Сильви не сказала, что у нее будто гора с плеч свалилась. Ведь Мари будет гораздо проще объяснить, почему она ищет пристанища, чем настоятельнице монастыря! Взявшись под руки, они пошли дальше, оживленно болтая; они преодолевали баррикады – в ту ночь в Париже было построено тысяча двести баррикад! – и чаще всего их шумно приветствовали защитники, польщенные тем, что такие красивые дамы одобряют их улыбками.
Труднее всего оказалось миновать баррикаду, воздвигнутую неподалеку от особняка маршала де Шомбера.
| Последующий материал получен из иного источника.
lemma greene_swap_le:
  assumes "a < b"
  shows "greene k (p @ [b, a] @ s) \<le> greene k (p @ [a, b] @ s)"
proof (rule greene_leI)
  fix f assume f: "chain_colouring k (p @ [b, a] @ s) f"
  have "\<not> (f b = f a \<and> f b \<noteq> 0)"
  proof
    assume "f b = f a \<and> f b \<noteq> 0"
    then have "b < a"
      using chain_colouring_chain[OF f, of "f b"] by (auto simp: sorted_wrt_append)
    with assms show False by simp
  qed
  then have "chain_colouring k (p @ [a, b] @ s) f"
    using chain_colouring_swap[OF f] by auto
  then show "\<exists>g. chain_colouring k (p @ [a, b] @ s) g \<and>
                 card (covered (p @ [b, a] @ s) f) \<le> card (covered (p @ [a, b] @ s) g)"
    using covered_swap[of p b a s f] by auto
qed

lemma greene_le_swap_Suc:
  "greene k (p @ [a, b] @ s) \<le> Suc (greene k (p @ [b, a] @ s))"
proof -
  let ?w = "p @ [a, b] @ s"
  obtain f where f: "chain_colouring k ?w f" "greene k ?w = card (covered ?w f)"
    by (rule greene_attained)
  define g where "g = f(a := 0)"
  have "chain_colouring k ?w g"
  proof -
    have "sorted_wrt (<) (filter (\<lambda>v. g v = c) ?w)" if "0 < c" for c
    proof -
      have "filter (\<lambda>v. g v = c) ?w = filter (\<lambda>v. v \<noteq> a) (filter (\<lambda>v. f v = c) ?w)"
        unfolding filter_filter using that by (intro filter_cong) (auto simp: g_def)
      then show ?thesis using sorted_wrt_filter[OF chain_colouring_chain[OF f(1) that]] by (simp only:)
    qed
    moreover have "\<forall>v\<in>set ?w. g v \<le> k" using f(1) by (simp add: chain_colouring_def g_def)
    ultimately show ?thesis by (simp add: chain_colouring_def)
  qed
  then have "chain_colouring k (p @ [b, a] @ s) g"
    by (rule chain_colouring_swap) (simp add: g_def)
  from card_covered_le_greene[OF this]
  have "card (covered ?w g) \<le> greene k (p @ [b, a] @ s)"
    unfolding covered_swap[of p b a s g] .
  moreover have "card (covered ?w f) \<le> card (insert a (covered ?w g))"
    by (rule card_mono) (auto simp: covered_def g_def)
  then have "card (covered ?w f) \<le> Suc (card (covered ?w g))"
    by (simp add: card_insert_if split: if_splits)
  ultimately show ?thesis using f(2) by linarith
qed

text \<open>Two chains that cross a cut in compatible order may swap their tails behind the cut.\<close>

lemma chain_colouring_exchange:
  assumes f: "chain_colouring k (u @ v) f" and disj: "set u \<inter> set v = {}"
    and c: "0 < c" "c \<le> k" and d: "0 < d" "d \<le> k"
    and cd: "\<forall>a\<in>set u. \<forall>b\<in>set v. f a = c \<longrightarrow> f b = d \<longrightarrow> a < b"
    and dc: "\<forall>a\<in>set u. \<forall>b\<in>set v. f a = d \<longrightarrow> f b = c \<longrightarrow> a < b"
  obtains g where "chain_colouring k (u @ v) g" "covered (u @ v) g = covered (u @ v) f"
    "\<forall>a\<in>set u. g a = f a" "\<forall>b\<in>set v. g b = transpose c d (f b)"
proof -
  define g where "g x = (if x \<in> set v then transpose c d (f x) else f x)" for x
  have filt: "filter (\<lambda>x. g x = e) (u @ v) =
      filter (\<lambda>x. f x = e) u @ filter (\<lambda>x. f x = transpose c d e) v" for e
  proof -
    have "filter (\<lambda>x. g x = e) u = filter (\<lambda>x. f x = e) u"
      using disj by (intro filter_cong) (auto simp: g_def)
    moreover have "filter (\<lambda>x. g x = e) v = filter (\<lambda>x. f x = transpose c d e) v"
      by (intro filter_cong) (auto simp: g_def transpose_def)
    ultimately show ?thesis by simp
  qed
  have sorted_pieces: "sorted_wrt (<) (filter (\<lambda>x. f x = e) u)"
      "sorted_wrt (<) (filter (\<lambda>x. f x = e) v)" if "0 < e" for e
    using chain_colouring_chain[OF f that] by (simp_all add: sorted_wrt_append)
  have "chain_colouring k (u @ v) g"
    unfolding chain_colouring_def
  proof (intro conjI allI impI ballI)
    show "g x \<le> k" if "x \<in> set (u @ v)" for x
      using f that c d by (auto simp: chain_colouring_def g_def transpose_def)
  next
    fix e :: nat assume e: "0 < e"
    then have e': "0 < transpose c d e" using c d by (simp add: transpose_def)
    have "\<forall>a\<in>set (filter (\<lambda>x. f x = e) u). \<forall>b\<in>set (filter (\<lambda>x. f x = transpose c d e) v). a < b"
    proof (cases "e = c \<or> e = d")
      case True
      then show ?thesis using cd dc by (auto simp: transpose_def)
    next
      case False
      then show ?thesis
        using sorted_filter_append_less[OF chain_colouring_chain[OF f e]]
        by (auto simp: transpose_def)
    qed
    then show "sorted_wrt (<) (filter (\<lambda>x. g x = e) (u @ v))"
      unfolding filt sorted_wrt_append using sorted_pieces e e' by blast
  qed
  moreover have "covered (u @ v) g = covered (u @ v) f"
    using c d by (auto simp: covered_def g_def transpose_def)
  ultimately show ?thesis
    by (intro that[of g]) (use disj in \<open>auto simp: g_def\<close>)
qed
(* Let $A\in\mathbb{R}^{n\times n}$ be symmetric with eigenvalues $\alpha_1\ge\cdots\ge\alpha_n$, $g\in\mathbb{R}^n$ nonzero, $\Delta>0$, and consider the TRS of minimizing $\frac12x^TAx+x^Tg$ subject to $\|x\|\le\Delta$, in the easy case. With the notation of the context, suppose $\|x_{opt}\|=\|x_k\|=\Delta$. Then $$\sin\angle(x_{opt},x_k)\le\sqrt\kappa\sqrt{\sin^2\angle(x_{opt},\mathcal{K}_k)+\sin^4\angle(x_{opt},\mathcal{K}_k)}\le2\sqrt\kappa\Big(\frac{\sqrt\kappa-1}{\sqrt\kappa+1}\Big)^k+4\sqrt\kappa\Big(\frac{\sqrt\kappa-1}{\sqrt\kappa+1}\Big)^{2k},$$ where $\mathcal{K}_k=\mathcal{K}_k(A,g)$.
   Context: Norms are Euclidean. $x_{opt}$ is a global minimizer of the TRS with multiplier $\lambda_{opt}\ge0$ ($(A+\lambda_{opt}I)x_{opt}=-g$, $\lambda_{opt}(\Delta-\|x_{opt}\|)=0$, $A+\lambda_{opt}I\succeq0$); easy case: $\lambda_{opt}>-\alpha_n$. $\kappa=(\alpha_1+\lambda_{opt})/(\alpha_n+\lambda_{opt})$. $\mathcal{K}_k(A,g)=\mathrm{span}\{g,Ag,\ldots,A^{k-1}g\}$ with orthonormal basis $Q_k$ from the Lanczos process ($q_1=g/\|g\|$, $T_k=Q_k^TAQ_k$ tridiagonal). GLTR iterate $x_k=Q_kh_k$ where $h_k$ minimizes $\frac12h^TT_kh+\|g\|h^Te_1$ over $\|h\|\le\Delta$. For a nonzero vector $p$ and subspace $\mathcal{W}$ with orthonormal basis $W$, $\sin\angle(p,\mathcal{W})=\|(I-WW^T)p\|/\|p\|$; for vectors, $\sin\angle(x_{opt},x_k)=\min_{\chi}\|x_{opt}/\Delta-\chi x_k\|$. *)

theory Defs
  imports "HOL-Analysis.Analysis"
begin

definition trs_obj :: "real^'n^'n \<Rightarrow> real^'n \<Rightarrow> real^'n \<Rightarrow> real" where
  "trs_obj A g x = (1/2) * (x \<bullet> (A *v x)) + x \<bullet> g"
Объяснялось это двумя причинами: во-первых, особняк, соседствуя с орденом Ораторианцев на улице Сент-Оноре, находился совсем близко от Пале-Рояля. Во-вторых, всем была известна преданность маршала королю. Хотя маршал де Шомбер, будучи вице-королем Каталонии, в это время находился на другом конце Франции, ни у кого не возникало сомнений в том, что он, если бы находился в Париже, без колебаний поставил бы на место советников парламента вместе с их друзьями. Но в лице Мари д'Отфор маршал имел достойную себя супругу.